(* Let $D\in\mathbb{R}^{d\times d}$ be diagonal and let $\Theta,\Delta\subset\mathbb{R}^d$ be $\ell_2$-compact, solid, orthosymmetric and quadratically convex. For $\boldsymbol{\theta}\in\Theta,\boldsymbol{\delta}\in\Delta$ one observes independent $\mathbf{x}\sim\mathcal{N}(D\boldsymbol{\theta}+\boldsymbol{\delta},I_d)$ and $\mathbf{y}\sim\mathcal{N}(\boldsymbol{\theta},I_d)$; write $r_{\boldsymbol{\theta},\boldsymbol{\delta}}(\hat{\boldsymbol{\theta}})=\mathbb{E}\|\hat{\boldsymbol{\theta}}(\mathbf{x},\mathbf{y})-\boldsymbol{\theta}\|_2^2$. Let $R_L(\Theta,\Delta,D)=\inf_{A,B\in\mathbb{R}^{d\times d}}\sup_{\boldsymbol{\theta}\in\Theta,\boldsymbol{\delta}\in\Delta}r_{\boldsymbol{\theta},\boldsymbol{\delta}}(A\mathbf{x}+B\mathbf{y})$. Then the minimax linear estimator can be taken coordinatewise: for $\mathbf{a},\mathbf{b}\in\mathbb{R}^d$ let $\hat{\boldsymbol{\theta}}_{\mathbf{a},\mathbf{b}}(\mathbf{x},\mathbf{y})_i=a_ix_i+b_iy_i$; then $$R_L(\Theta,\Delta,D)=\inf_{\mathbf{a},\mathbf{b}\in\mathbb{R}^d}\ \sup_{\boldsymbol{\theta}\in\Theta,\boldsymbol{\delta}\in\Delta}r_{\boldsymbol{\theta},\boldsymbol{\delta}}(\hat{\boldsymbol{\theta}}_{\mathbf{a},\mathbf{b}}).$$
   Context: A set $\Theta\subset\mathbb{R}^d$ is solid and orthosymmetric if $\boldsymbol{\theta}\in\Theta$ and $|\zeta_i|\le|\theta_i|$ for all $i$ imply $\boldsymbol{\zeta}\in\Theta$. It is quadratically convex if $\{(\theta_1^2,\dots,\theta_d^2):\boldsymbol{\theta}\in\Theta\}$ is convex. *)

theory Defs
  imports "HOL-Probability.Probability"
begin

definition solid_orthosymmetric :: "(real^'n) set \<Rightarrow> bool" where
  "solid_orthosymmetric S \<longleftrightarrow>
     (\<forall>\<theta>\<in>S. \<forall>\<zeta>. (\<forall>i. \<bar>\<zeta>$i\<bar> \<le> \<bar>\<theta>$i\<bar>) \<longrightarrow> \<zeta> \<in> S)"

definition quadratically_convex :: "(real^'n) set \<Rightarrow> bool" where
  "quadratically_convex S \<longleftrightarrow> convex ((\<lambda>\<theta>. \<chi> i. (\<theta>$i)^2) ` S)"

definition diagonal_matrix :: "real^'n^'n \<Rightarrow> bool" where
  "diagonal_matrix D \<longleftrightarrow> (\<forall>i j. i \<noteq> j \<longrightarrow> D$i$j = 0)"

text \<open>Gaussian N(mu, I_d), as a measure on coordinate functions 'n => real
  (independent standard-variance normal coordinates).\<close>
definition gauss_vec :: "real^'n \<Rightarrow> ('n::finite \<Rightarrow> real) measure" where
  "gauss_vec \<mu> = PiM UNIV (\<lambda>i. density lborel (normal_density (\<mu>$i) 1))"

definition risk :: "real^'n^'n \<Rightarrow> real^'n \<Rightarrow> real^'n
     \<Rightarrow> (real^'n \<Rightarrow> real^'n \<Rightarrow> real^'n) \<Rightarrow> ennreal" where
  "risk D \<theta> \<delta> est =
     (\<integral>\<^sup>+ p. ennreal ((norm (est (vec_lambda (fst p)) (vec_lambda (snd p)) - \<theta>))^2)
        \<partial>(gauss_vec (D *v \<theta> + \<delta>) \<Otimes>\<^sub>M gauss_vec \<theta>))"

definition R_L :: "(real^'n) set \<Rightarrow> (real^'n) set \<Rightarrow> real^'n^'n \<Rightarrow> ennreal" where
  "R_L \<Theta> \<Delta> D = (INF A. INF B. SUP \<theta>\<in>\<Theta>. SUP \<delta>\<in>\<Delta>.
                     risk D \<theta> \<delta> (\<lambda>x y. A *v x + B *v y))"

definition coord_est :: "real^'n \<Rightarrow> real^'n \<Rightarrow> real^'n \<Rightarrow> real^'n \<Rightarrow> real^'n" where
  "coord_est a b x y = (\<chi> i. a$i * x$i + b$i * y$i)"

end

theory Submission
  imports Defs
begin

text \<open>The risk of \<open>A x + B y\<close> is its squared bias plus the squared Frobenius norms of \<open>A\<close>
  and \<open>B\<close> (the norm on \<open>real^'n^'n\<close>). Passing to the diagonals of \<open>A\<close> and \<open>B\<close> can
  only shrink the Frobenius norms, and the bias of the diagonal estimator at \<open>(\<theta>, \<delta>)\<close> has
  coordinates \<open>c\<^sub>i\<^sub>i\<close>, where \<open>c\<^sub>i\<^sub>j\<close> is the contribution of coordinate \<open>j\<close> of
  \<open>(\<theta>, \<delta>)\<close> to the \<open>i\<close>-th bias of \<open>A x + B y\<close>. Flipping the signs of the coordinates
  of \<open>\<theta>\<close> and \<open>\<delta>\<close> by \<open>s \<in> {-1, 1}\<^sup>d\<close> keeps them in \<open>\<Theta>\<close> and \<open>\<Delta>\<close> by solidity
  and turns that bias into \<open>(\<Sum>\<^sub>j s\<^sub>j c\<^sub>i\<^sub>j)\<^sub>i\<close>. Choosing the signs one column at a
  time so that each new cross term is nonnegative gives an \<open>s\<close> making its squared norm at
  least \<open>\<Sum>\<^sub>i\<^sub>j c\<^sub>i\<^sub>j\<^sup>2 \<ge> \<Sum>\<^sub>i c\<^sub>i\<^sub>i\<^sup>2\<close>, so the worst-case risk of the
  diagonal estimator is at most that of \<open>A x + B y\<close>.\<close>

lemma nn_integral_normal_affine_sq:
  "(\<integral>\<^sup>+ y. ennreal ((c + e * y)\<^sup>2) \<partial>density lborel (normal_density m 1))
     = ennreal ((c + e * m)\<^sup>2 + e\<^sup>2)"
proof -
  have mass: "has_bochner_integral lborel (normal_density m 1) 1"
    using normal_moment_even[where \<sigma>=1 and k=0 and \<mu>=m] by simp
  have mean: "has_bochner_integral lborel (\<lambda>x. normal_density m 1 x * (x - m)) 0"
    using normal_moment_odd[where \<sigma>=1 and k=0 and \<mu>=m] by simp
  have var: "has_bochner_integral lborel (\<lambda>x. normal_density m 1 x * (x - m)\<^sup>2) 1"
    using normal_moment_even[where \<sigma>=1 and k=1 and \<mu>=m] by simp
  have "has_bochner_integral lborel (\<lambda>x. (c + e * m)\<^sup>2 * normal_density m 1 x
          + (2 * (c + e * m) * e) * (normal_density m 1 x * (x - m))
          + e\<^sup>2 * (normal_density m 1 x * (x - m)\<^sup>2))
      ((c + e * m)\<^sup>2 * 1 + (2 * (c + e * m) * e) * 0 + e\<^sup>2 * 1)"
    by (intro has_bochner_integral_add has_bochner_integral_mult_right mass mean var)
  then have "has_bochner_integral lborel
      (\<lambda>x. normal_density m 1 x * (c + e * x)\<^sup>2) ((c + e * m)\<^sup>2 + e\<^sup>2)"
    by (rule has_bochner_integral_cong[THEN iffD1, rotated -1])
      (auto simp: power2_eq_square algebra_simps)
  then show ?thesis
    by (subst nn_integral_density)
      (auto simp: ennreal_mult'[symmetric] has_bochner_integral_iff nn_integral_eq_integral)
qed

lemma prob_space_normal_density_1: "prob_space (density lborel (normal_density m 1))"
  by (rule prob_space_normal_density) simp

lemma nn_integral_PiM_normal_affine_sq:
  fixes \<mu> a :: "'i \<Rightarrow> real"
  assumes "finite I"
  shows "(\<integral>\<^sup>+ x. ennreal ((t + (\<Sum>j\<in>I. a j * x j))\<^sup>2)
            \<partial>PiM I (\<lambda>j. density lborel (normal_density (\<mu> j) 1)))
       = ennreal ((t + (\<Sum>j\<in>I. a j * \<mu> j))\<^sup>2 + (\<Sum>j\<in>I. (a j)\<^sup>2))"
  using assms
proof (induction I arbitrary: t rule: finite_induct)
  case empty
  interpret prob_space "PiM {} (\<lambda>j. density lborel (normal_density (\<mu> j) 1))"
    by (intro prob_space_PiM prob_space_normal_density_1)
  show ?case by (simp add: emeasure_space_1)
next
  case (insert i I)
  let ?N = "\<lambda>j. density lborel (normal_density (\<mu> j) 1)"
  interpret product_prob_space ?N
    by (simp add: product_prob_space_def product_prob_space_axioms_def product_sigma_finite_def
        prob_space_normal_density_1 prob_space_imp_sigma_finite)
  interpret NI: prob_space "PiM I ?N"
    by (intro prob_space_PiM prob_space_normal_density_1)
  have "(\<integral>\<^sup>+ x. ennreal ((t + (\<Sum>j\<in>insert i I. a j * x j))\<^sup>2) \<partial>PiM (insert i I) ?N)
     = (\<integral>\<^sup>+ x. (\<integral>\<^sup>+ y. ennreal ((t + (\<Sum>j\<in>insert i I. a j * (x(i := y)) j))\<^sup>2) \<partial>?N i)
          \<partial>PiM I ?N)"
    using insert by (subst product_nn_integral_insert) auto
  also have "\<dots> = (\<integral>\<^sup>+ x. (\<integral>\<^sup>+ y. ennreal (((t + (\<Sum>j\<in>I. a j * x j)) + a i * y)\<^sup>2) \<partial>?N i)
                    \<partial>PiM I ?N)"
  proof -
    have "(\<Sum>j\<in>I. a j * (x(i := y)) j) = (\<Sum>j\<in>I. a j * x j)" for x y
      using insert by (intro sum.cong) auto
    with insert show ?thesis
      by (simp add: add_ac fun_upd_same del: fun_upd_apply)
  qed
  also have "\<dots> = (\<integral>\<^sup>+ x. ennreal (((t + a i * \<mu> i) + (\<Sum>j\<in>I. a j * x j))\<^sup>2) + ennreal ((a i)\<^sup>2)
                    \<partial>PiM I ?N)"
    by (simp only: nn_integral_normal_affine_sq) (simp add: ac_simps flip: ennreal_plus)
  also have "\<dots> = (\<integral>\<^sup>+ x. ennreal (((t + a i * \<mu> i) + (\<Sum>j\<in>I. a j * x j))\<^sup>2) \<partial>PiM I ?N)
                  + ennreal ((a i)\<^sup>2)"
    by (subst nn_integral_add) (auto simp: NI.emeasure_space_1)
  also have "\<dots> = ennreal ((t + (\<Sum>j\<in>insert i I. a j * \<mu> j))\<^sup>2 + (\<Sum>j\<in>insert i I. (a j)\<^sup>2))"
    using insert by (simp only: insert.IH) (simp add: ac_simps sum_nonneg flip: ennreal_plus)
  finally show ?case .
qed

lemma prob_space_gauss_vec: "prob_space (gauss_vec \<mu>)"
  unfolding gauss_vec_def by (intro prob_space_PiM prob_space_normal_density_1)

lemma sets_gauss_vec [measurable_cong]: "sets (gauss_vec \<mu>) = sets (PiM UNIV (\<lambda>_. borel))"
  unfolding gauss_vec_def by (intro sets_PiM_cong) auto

········

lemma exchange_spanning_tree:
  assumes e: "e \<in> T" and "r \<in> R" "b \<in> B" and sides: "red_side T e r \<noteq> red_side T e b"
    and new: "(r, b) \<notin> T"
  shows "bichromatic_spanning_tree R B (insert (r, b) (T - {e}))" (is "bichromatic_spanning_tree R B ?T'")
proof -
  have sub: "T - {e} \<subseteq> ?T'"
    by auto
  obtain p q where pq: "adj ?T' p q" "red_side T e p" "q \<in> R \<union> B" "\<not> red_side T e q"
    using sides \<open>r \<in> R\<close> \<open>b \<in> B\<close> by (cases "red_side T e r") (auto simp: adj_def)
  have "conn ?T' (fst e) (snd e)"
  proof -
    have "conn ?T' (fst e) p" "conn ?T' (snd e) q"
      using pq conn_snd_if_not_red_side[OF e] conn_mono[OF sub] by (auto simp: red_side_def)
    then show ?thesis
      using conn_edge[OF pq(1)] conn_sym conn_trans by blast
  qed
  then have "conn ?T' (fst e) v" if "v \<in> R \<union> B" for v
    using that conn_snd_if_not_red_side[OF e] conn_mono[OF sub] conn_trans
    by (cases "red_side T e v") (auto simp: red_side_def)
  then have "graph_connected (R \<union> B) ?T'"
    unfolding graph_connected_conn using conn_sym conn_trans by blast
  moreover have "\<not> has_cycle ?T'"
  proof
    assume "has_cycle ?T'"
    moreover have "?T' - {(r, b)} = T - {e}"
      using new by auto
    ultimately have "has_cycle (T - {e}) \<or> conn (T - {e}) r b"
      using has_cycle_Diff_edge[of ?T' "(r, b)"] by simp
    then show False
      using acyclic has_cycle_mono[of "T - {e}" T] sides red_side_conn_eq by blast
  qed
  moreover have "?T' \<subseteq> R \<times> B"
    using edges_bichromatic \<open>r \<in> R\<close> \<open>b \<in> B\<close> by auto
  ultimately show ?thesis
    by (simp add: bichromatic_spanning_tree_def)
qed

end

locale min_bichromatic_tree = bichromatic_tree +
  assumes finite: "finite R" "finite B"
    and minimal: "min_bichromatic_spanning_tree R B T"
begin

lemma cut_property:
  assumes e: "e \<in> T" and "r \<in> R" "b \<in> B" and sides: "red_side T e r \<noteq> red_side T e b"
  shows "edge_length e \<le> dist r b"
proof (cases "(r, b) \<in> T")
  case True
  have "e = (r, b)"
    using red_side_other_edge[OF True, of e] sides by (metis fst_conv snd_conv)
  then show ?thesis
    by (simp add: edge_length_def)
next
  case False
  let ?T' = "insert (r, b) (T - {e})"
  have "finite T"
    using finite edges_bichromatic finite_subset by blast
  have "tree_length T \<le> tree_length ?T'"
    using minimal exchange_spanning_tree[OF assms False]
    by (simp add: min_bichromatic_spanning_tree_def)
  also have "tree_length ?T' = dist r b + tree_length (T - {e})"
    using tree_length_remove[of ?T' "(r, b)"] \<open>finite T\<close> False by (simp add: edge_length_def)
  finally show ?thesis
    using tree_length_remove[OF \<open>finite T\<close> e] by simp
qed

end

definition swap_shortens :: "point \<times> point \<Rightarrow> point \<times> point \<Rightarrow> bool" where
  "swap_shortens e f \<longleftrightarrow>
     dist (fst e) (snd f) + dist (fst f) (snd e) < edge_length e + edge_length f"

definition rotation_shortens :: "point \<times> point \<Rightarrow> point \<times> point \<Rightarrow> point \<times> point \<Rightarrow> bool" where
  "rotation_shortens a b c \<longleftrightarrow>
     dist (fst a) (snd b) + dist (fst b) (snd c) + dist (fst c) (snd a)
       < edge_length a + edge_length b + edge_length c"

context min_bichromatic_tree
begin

········

The problem:
Extract from the records above the lines from the one containing "set \<Rightarrow> (real^'n)" to the one containing "risk D \<theta> \<delta> (\<lambda>x", both lines included, exactly as they appear and with nothing else.

Exercise result:
definition R_L :: "(real^'n) set \<Rightarrow> (real^'n) set \<Rightarrow> real^'n^'n \<Rightarrow> ennreal" where
  "R_L \<Theta> \<Delta> D = (INF A. INF B. SUP \<theta>\<in>\<Theta>. SUP \<delta>\<in>\<Delta>.
                     risk D \<theta> \<delta> (\<lambda>x y. A *v x + B *v y))"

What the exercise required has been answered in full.